Parks and Recreation shows a consistent shortfall. While sales of services, such as use of the ice arena or swimming pools and exercise facilities, record around $1.13 million income, expenses are almost triple that, leading to a yearly $3-million deficit.

There will be no increase in costs to consumers for water and sewer. By 2017 the debt for the water treatment facility will be retired. This, together with the retirement in 2016 of the short term debts for the track and development of the harbour area will reduce expenses by $465,000 per year.
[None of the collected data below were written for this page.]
(* Let $p\in(1,\infty)$. A metric space has property HC$_{p,d}$ if and only if it has property HIC$_{p,d}$.
   Context: For infinite $\mathbb M\subseteq\mathbb N$ and $k\in\mathbb N$, $[\mathbb M]^k$ is the set of $\bar n=(n_1,\dots,n_k)\in\mathbb M^k$ with $n_1<\dots<n_k$, with Hamming distance $d_{\mathbb H}(\bar n,\bar m)=|\{j:n_j\ne m_j\}|$; $[\mathbb M]^\omega$ is the set of infinite subsets of $\mathbb M$; $I_k(\mathbb M)=\{(\bar n,\bar m): n_1<m_1<\dots<n_k<m_k\}$; $H_j(\mathbb M)=\{(\bar n,\bar m)\in([\mathbb M]^k)^2: n_i=m_i\ (i\ne j),\ n_j<m_j\}$. For a metric space $(M,d)$, $\lambda>0$ and Lipschitz $f:([\mathbb N]^k,d_{\mathbb H})\to M$, put $\alpha_j=\sup_{(\bar n,\bar m)\in H_j(\mathbb N)}d(f(\bar n),f(\bar m))$. $M$ has $\lambda$-HIC$_{p,d}$ if for every $k$ and every such $f$ there is $\mathbb M\in[\mathbb N]^\omega$ with $d(f(\bar n),f(\bar m))\le\lambda(\sum_{j=1}^k\alpha_j^p)^{1/p}$ for all $(\bar n,\bar m)\in I_k(\mathbb M)$. $M$ has $\lambda$-HC$_{p,d}$ if for every $k$ and every such $f$ there are $\bar n,\bar m\in[\mathbb N]^k$ with $\bar n\cap\bar m=\varnothing$ (as sets) and $d(f(\bar n),f(\bar m))\le\lambda(\sum_{j=1}^k\alpha_j^p)^{1/p}$. HIC$_{p,d}$ (resp. HC$_{p,d}$) means $\lambda$-HIC$_{p,d}$ (resp. $\lambda$-HC$_{p,d}$) for some $\lambda>0$. *)

theory Defs
  imports "HOL-Analysis.Analysis"
begin

text \<open>Elements of [M]^k are represented as strictly increasing lists of length k
  with entries in M; the paper's index j \<in> {1..k} corresponds to list index j-1.\<close>

definition incr_tuples :: "nat set \<Rightarrow> nat \<Rightarrow> nat list set" where
  "incr_tuples M k = {xs. length xs = k \<and> sorted_wrt (<) xs \<and> set xs \<subseteq> M}"

definition hamming :: "nat list \<Rightarrow> nat list \<Rightarrow> nat" where
  "hamming xs ys = card {j. j < length xs \<and> xs ! j \<noteq> ys ! j}"

definition interlaced :: "nat set \<Rightarrow> nat \<Rightarrow> (nat list \<times> nat list) set" where
  "interlaced M k = {(xs, ys). xs \<in> incr_tuples M k \<and> ys \<in> incr_tuples M k \<and>
     (\<forall>i<k. xs ! i < ys ! i \<and> (Suc i < k \<longrightarrow> ys ! i < xs ! Suc i))}"

definition Hpairs :: "nat set \<Rightarrow> nat \<Rightarrow> nat \<Rightarrow> (nat list \<times> nat list) set" where
  "Hpairs M k j = {(xs, ys). xs \<in> incr_tuples M k \<and> ys \<in> incr_tuples M k \<and>
     (\<forall>i<k. i \<noteq> j \<longrightarrow> xs ! i = ys ! i) \<and> xs ! j < ys ! j}"

definition hamming_lipschitz ::
  "'a set \<Rightarrow> ('a \<Rightarrow> 'a \<Rightarrow> real) \<Rightarrow> nat \<Rightarrow> (nat list \<Rightarrow> 'a) \<Rightarrow> bool" where
  "hamming_lipschitz M d k f \<longleftrightarrow>
     f ` incr_tuples UNIV k \<subseteq> M \<and>
     (\<exists>C. \<forall>xs\<in>incr_tuples UNIV k. \<forall>ys\<in>incr_tuples UNIV k.
        d (f xs) (f ys) \<le> C * real (hamming xs ys))"

definition alpha_coef ::
  "('a \<Rightarrow> 'a \<Rightarrow> real) \<Rightarrow> nat \<Rightarrow> (nat list \<Rightarrow> 'a) \<Rightarrow> nat \<Rightarrow> real" where
  "alpha_coef d k f j = (SUP (xs, ys) \<in> Hpairs UNIV k j. d (f xs) (f ys))"

definition alpha_norm ::
  "real \<Rightarrow> ('a \<Rightarrow> 'a \<Rightarrow> real) \<Rightarrow> nat \<Rightarrow> (nat list \<Rightarrow> 'a) \<Rightarrow> real" where
  "alpha_norm p d k f = (\<Sum>j<k. alpha_coef d k f j powr p) powr (1 / p)"

definition lambda_HIC :: "real \<Rightarrow> real \<Rightarrow> 'a set \<Rightarrow> ('a \<Rightarrow> 'a \<Rightarrow> real) \<Rightarrow> bool" where
  "lambda_HIC lam p M d \<longleftrightarrow>
     (\<forall>k f. hamming_lipschitz M d k f \<longrightarrow>
        (\<exists>N. infinite N \<and>
           (\<forall>(xs, ys) \<in> interlaced N k. d (f xs) (f ys) \<le> lam * alpha_norm p d k f)))"

definition lambda_HC :: "real \<Rightarrow> real \<Rightarrow> 'a set \<Rightarrow> ('a \<Rightarrow> 'a \<Rightarrow> real) \<Rightarrow> bool" where
  "lambda_HC lam p M d \<longleftrightarrow>
     (\<forall>k f. hamming_lipschitz M d k f \<longrightarrow>
        (\<exists>xs \<in> incr_tuples UNIV k. \<exists>ys \<in> incr_tuples UNIV k.
           set xs \<inter> set ys = {} \<and> d (f xs) (f ys) \<le> lam * alpha_norm p d k f))"

definition HIC :: "real \<Rightarrow> 'a set \<Rightarrow> ('a \<Rightarrow> 'a \<Rightarrow> real) \<Rightarrow> bool" where
  "HIC p M d \<longleftrightarrow> (\<exists>lam>0. lambda_HIC lam p M d)"

definition HC :: "real \<Rightarrow> 'a set \<Rightarrow> ('a \<Rightarrow> 'a \<Rightarrow> real) \<Rightarrow> bool" where
  "HC p M d \<longleftrightarrow> (\<exists>lam>0. lambda_HC lam p M d)"

end

theory Submission
  imports Defs "HOL-Library.Ramsey"
begin

text \<open>An interlaced pair is disjoint, so HIC gives HC with the same constant. Conversely, the
  relative order of the \<open>2k\<close> entries of a disjoint pair \<open>(xs, ys)\<close>, its type, takes finitely
  many values, and a pair is determined by its support and its type. Ramsey's theorem therefore
  yields a subsequence \<open>e\<close> along which the validity of \<open>d(f xs, f ys) \<le> \<lambda>\<parallel>\<alpha>\<parallel>\<^sub>p\<close> depends only
  on the type, and HC applied to \<open>f \<circ> e\<close>, whose coefficients \<open>\<alpha>\<^sub>j\<close> do not exceed those of \<open>f\<close>,
  exhibits one good type. An interlaced pair of sufficiently spread out indices has a common
  partner \<open>zs\<close> forming a pair of that type with both of its members, and the triangle inequality
  through \<open>f zs\<close> gives HIC with constant \<open>2\<lambda>\<close>.\<close>

lemma incr_tuples_length: "xs \<in> incr_tuples N k \<Longrightarrow> length xs = k"
  by (simp add: incr_tuples_def)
Sowerby outlined an anticipated $9-million revenue in government grants for 2017. This money would be accounted for through two-thirds funding for both water (being the replacement of the feeder trunk main, a total cost of $4.6 million) and phased consolidation of the city’s liquid waste management plan. Phase one, if the city chooses to pursue phased consolidation, would mean looking for a $10-million grant for an overall cost of $13.5 million. According to a graph presented by Sowerby, Phase two is anticipated to cost $20.5 million in 2032.

In summary, Sowerby said the city’s revenue is anticipated to be $26,739,207. “We are very reliant on taxes and it would be nice to see us grow the other areas, particularly sale of services.” She asked that council consider the financial plan bylaws 2373, 2014 for three readings and final adoption.

The plan, which is Bylaw 2373, was read a first, second and third time by council, as were the Annual Tax Rate Bylaw 2372, 2014 prior to a legislated deadline of May 15, and Sewer User Rates Bylaw 2375, 2014. Council voted unanimously to accept all as presented.

A full copy of the financial plan is available on the city’s website.